Mathematical Formulation
Encoding Phase
For a past sequence (x₁, x₂, …, x_T_past), the encoder computes hidden and cell states at each timestep:
h_t^enc, c_t^enc = LSTM_enc(x_t, h_{t-1}^enc, c_{t-1}^enc)
The context vector is formed by the final encoder states: context = (h_T_past^enc, c_T_past^enc)
State Projection
When encoder and decoder dimensions differ, linear transformations project the context:
h₀^dec = W_h · h_T_past^enc + b_h c₀^dec = W_c · c_T_past^enc + b_c
Decoding Phase
Using the context as initial state and processing the future sequence (x’₁, x’₂, …, x’_T_future):
h_t^dec, c_t^dec = LSTM_dec(x’t, h{t-1}^dec, c_{t-1}^dec) y_t = MLP(h_t^dec)
Design Rationale
Teacher Forcing Strategy
During training, the model implements teacher forcing by using ground-truth future_sequence as decoder input. This technique stabilizes the learning process by providing the decoder with accurate inputs at each step, though it requires known future features even during inference.
Context Compression
The encoder’s final state must compress all historical information into a fixed-size vector. This design choice creates a powerful inductive bias for learning meaningful temporal representations, though it may create an information bottleneck for very long sequences where important early information might be lost.
Modular Architecture
The separation of encoder and decoder networks allows for independent architectural choices for each component. This modularity enables different scaling strategies for encoder and decoder complexity and provides clear separation between the historical analysis and future generation phases.
Implementation Details
EncoderDecoderLSTM is implemented as a PyTorch Lightning module with several technical features that enhance its practical utility. The model supports variable-length sequences through packed sequence processing, enabling efficient batch handling of sequences with different lengths. Memory efficiency is maintained through proper LSTM state management and gradient flow optimization.

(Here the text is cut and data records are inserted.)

lemma map_of_int_prod_list:
  "Poly_Mapping.map (of_int :: int \<Rightarrow> 'a::comm_ring_1) (prod_list fs) =
    prod_list (map (Poly_Mapping.map of_int) (fs :: ('k::monoid_add \<Rightarrow>\<^sub>0 int) list))"
  by (induction fs) (simp_all add: map_of_int_mult flip: single_one)

lemma lookup_of_int_mult:
  fixes f :: "'k::monoid_add \<Rightarrow>\<^sub>0 'a::ring_1"
  shows "Poly_Mapping.lookup (of_int c * f) k = of_int c * Poly_Mapping.lookup f k"
  by (simp flip: single_of_int mult_map_scale_conv_mult add: map.rep_eq when_def)

lemma prod_list_of_int_mult:
  fixes f :: "'b \<Rightarrow> 'a::comm_ring_1"
  shows "prod_list (map (\<lambda>x. of_int (c x) * f x) xs) =
    of_int (prod_list (map c xs)) * prod_list (map f xs)"
  by (induction xs) (simp_all add: mult_ac)

lemma denom_pos: "denom q > 0"
  unfolding denom_def by (rule quotient_of_denom_pos')

lemma denom_dvd_iff: "denom q dvd k \<longleftrightarrow> of_int k * q \<in> \<int>"
proof -
  obtain a b where ab: "quotient_of q = (a, b)" by fastforce
  then have q: "q = of_int a / of_int b" and "b > 0" and "coprime a b"
    by (simp_all add: quotient_of_div quotient_of_denom_pos quotient_of_coprime)
  have "of_int k * q \<in> \<int> \<longleftrightarrow> b dvd k * a"
  proof
    assume "of_int k * q \<in> \<int>"
    then obtain z where "of_int k * q = of_int z" by (auto elim: Ints_cases)
    then have "k * a = z * b"
      using q \<open>b > 0\<close> by (simp add: field_simps flip: of_int_mult of_int_eq_iff)
    then show "b dvd k * a" by simp
  next
    assume "b dvd k * a"
    then obtain z where "k * a = b * z" by blast
    then have "of_int k * q = of_int (b * z) / of_int b" using q by (simp flip: of_int_mult)
    then have "of_int k * q = of_int z" using \<open>b > 0\<close> by simp
    then show "of_int k * q \<in> \<int>" by simp
  qed
  also have "\<dots> \<longleftrightarrow> b dvd k"
    using \<open>coprime a b\<close> by (simp add: coprime_commute coprime_dvd_mult_left_iff)
  finally show ?thesis using ab unfolding denom_def by simp
qed

lemma denom_dvd_coeff_denom_lcm: "denom (Poly_Mapping.lookup f m) dvd coeff_denom_lcm f"
proof (cases "m \<in> Poly_Mapping.keys f")
  case True
  then show ?thesis unfolding coeff_denom_lcm_def by (simp add: dvd_Lcm)
next
  case False
  then show ?thesis by (simp add: in_keys_iff denom_def)
qed

lemma coeff_denom_lcm_dvd_iff:
  "coeff_denom_lcm f dvd k \<longleftrightarrow> (\<forall>m. of_int k * Poly_Mapping.lookup f m \<in> \<int>)"
  using denom_dvd_coeff_denom_lcm dvd_trans
  by (auto simp: coeff_denom_lcm_def denom_dvd_iff[symmetric] intro!: Lcm_least)

lemma coeff_denom_lcm_pos: "coeff_denom_lcm f > 0"
proof -
  have "coeff_denom_lcm f \<noteq> 0"
    unfolding coeff_denom_lcm_def using denom_pos by (subst Lcm_0_iff) (auto simp: less_le)
  then show ?thesis unfolding coeff_denom_lcm_def by (simp add: order_le_neq_trans)
qed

The implementation provides full integration with the TransformerTF data pipeline and training infrastructure, along with flexible MLP output heads that can be configured for different prediction requirements. The model also includes proper handling of sequence masking and padding for robust batch processing.
Applications
EncoderDecoderLSTM is particularly well-suited for time series forecasting scenarios where historical and future features have different characteristics. The model excels in situations requiring clear separation between analysis and prediction phases, especially when future covariates are available such as weather forecasts, calendar features, or planned interventions.
The architecture is ideal for problems where the traditional seq2seq modeling approach is appropriate, providing interpretable modeling phases through its explicit encoder-decoder separation. Within the context of CERN’s particle accelerator systems, the model effectively handles scenarios where historical measurements and future operational parameters have distinct characteristics and require specialized processing approaches.